The when is now. The body keeps the score, as the excellent book with that title (Bessel Van der Kolk) reminds us, stating A constant sense of danger and helplessness promotes the continuous secretion of stress hormones, which wreaks havoc with the immune system and the functioning of the body’s organs.

Hmm. I definitely don’t want that to happen.

So, what to do, faced with my almost 82 years, my inevitable aging, the body’s inevitable decline?

Be grouchy and regretful that my youth is behind me, maintain some delusion that I’ll be spared any of a number of ailments, accidents, needs for patching up, that will bring me to even more repair shops? Grasp onto the many comments I receive registering surprise that I’m the age I say I am?  Allowing those stress hormones to hijack what remains of my life?

Or embrace uncertainty, fragility, reality.

It’s a delicate dance. I suddenly remember the mantra I’ve long espoused--“Live every day like it’s your last. Live every day like you will live forever.” As usual, paradox is what makes the most sense. There is the inescapable reality of my almost 82 years, maybe a decade, hopefully more, left to live--but also the facing of the bumpy road of inevitability, of surprise.

I could trip over a curb, slip on an icy patch, be in the path of an oncoming car, get another blood test that, this time, shows serious illness--tomorrow--or any day in the future. My commitment to healthy living gives no insurance I will be spared.

So, I will continue my trips to these various repair shops, offering my body the mending it needs, no matter the travel or frustration, no matter my wish for it to be otherwise. I will try to embrace, even to love, the aging me, the surprising new iteration of Sharon--and even try to experience some enjoyment exploring this virgin terrain.

 

                                                     *******************


I’ll be offering a writing/exploring workshop at Wisdom House in Litchfield, CT on March 13, “Isn’t It Weird to Be the Same Age As Old People,”https://www.wisdomhouse.org/program-calendar/isnt/it/weird!

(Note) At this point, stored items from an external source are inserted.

lemma affine_nonneg_on_nonneg_iff:
  fixes a b :: real
  shows "(\<forall>x\<ge>0. 0 \<le> a * x + b) \<longleftrightarrow> 0 \<le> a \<and> 0 \<le> b"
proof
  assume nonneg: "\<forall>x\<ge>0. 0 \<le> a * x + b"
  then have "0 \<le> b" by auto
  moreover have "0 \<le> a"
  proof (rule ccontr)
    assume "\<not> 0 \<le> a"
    then have "a * ((b + 1) / - a) + b < 0" and "0 \<le> (b + 1) / - a"
      using \<open>0 \<le> b\<close> by (simp_all add: field_simps)
    then show False using nonneg by fastforce
  qed
  ultimately show "0 \<le> a \<and> 0 \<le> b" by simp
qed simp

lemma phi_le_phi_iff_gap:
  assumes "p i > 0" "p j > 0" "s \<ge> 0"
  shows "phi p w j s \<le> phi p w i s \<longleftrightarrow> 0 \<le> gap_slope p w i j * s + gap_offset p w i j"
    and "phi p w i s \<le> phi p w j s \<longleftrightarrow> gap_slope p w i j * s + gap_offset p w i j \<le> 0"
proof -
  have "p i * (p i + s) > 0" "p j * (p j + s) > 0" using assms by auto
  then have "phi p w j s \<le> phi p w i s \<longleftrightarrow> w j * p i * (p i + s) \<le> w i * p j * (p j + s)"
    and "phi p w i s \<le> phi p w j s \<longleftrightarrow> w i * p j * (p j + s) \<le> w j * p i * (p i + s)"
    unfolding phi_def by (simp_all add: divide_simps mult.commute mult.left_commute)
  then show "phi p w j s \<le> phi p w i s \<longleftrightarrow> 0 \<le> gap_slope p w i j * s + gap_offset p w i j"
    and "phi p w i s \<le> phi p w j s \<longleftrightarrow> gap_slope p w i j * s + gap_offset p w i j \<le> 0"
    unfolding gap_slope_def gap_offset_def by (simp_all add: algebra_simps power2_eq_square)
qed

lemma phi_ge_iff_gap:
  assumes "p i > 0" "p j > 0"
  shows "phi_ge p w i j \<longleftrightarrow> 0 \<le> gap_slope p w i j \<and> 0 \<le> gap_offset p w i j"
    and "phi_ge p w j i \<longleftrightarrow> gap_slope p w i j \<le> 0 \<and> gap_offset p w i j \<le> 0"
proof -
  have "phi_ge p w i j \<longleftrightarrow> (\<forall>s\<ge>0. 0 \<le> gap_slope p w i j * s + gap_offset p w i j)"
    and "phi_ge p w j i \<longleftrightarrow> (\<forall>s\<ge>0. 0 \<le> - gap_slope p w i j * s + - gap_offset p w i j)"
    unfolding phi_ge_def using phi_le_phi_iff_gap[of p i j _ w] assms by auto
  then show "phi_ge p w i j \<longleftrightarrow> 0 \<le> gap_slope p w i j \<and> 0 \<le> gap_offset p w i j"
    and "phi_ge p w j i \<longleftrightarrow> gap_slope p w i j \<le> 0 \<and> gap_offset p w i j \<le> 0"
    unfolding affine_nonneg_on_nonneg_iff by auto
qed

lemma tstar_eq_gap_root:
  "tstar p w i j = - gap_offset p w i j / gap_slope p w i j"
  "tstar p w j i = - gap_offset p w i j / gap_slope p w i j"
  unfolding tstar_def gap_offset_def gap_slope_def by (simp_all add: divide_simps algebra_simps)

lemma gap_offset_minus_slope:
  "gap_offset p w i j - gap_slope p w i j * p j = w j * p i * (p j - p i)"
  unfolding gap_offset_def gap_slope_def by (simp add: algebra_simps power2_eq_square)

lemma p_le_p_iff_gap:
  assumes "p i > 0" "w j > 0"
  shows "p i \<le> p j \<longleftrightarrow> gap_slope p w i j * p j \<le> gap_offset p w i j"
proof -
  have "p i \<le> p j \<longleftrightarrow> 0 \<le> w j * p i * (p j - p i)"
    using assms mult_le_cancel_left_pos[of "w j * p i" 0 "p j - p i"] by simp
  then show ?thesis unfolding gap_offset_minus_slope[symmetric] by simp
qed

lemma gap_eq_zero_iff:
  assumes "p i > 0" "p j > 0" "w j > 0"
  shows "gap_slope p w i j = 0 \<and> gap_offset p w i j = 0 \<longleftrightarrow> p i = p j \<and> w i = w j"
proof
  assume gap: "gap_slope p w i j = 0 \<and> gap_offset p w i j = 0"
  then have "p i = p j" using gap_offset_minus_slope[of p w i j] assms by simp
  with gap assms(2) show "p i = p j \<and> w i = w j"
    unfolding gap_slope_def by (simp add: algebra_simps)
qed (simp add: gap_slope_def gap_offset_def)

lemma dominance_rule_cases:
  assumes "(i, j, I) \<in> dominance_rule J p w"
    and "p i > 0" "p j > 0" "w j > 0"
  obtains (everywhere)
      "0 \<le> gap_slope p w i j" "0 \<le> gap_offset p w i j" "p i \<noteq> p j \<or> w i \<noteq> w j" "I = {0..}"
    | (before_root)
      "gap_slope p w i j < 0" "0 < gap_offset p w i j"
      "I = {0..< - gap_offset p w i j / gap_slope p w i j}"
    | (after_root)
      "0 < gap_slope p w i j" "gap_offset p w i j < 0"
      "I = {- gap_offset p w i j / gap_slope p w i j..}"
proof -
  have phi0: "phi p w j 0 < phi p w i 0 \<longleftrightarrow> 0 < gap_offset p w i j"
    "phi p w i 0 < phi p w j 0 \<longleftrightarrow> gap_offset p w i j < 0"
    using phi_le_phi_iff_gap[of p i j 0 w] assms(2,3) by (auto simp flip: not_le)
  note ge = phi_ge_iff_gap[of p i j w, OF assms(2,3)]
  have "(p i, w i) \<noteq> (p j, w j)"
    and "(phi_ge p w i j \<and> I = {0..}) \<or> (\<not> phi_ge p w i j \<and> \<not> phi_ge p w j i \<and>
      ((phi p w j 0 < phi p w i 0 \<and> I = {0..<tstar p w i j})
     \<or> (phi p w i 0 < phi p w j 0 \<and> I = {tstar p w j i..})))"
    using assms(1) unfolding dominance_rule_def by auto
  then show thesis
    using that gap_eq_zero_iff[of p i j w, OF assms(2-4)]
    unfolding phi0 ge tstar_eq_gap_root[where i = i and j = j] by auto
qed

I leave at the end of January for a month’s residency at my beloved Virginia Center for the Creative Arts, where I’ll be working on new poems--most likely, about aging, since I’m developing such expertise on this subject

And PS: Bone density showed I have osteoporosis of the hip, which means an hour and a half Reclast infusion when I return from my residency. Bones look like swiss cheese in the readout I saw.

But I’m thrilled to have signed a contract for my third full-length poetry collection, “What’s After Making Love,” with Fernwood Press-- I’ll be 83 when it comes out---it’s pretty much the story of my life in poems.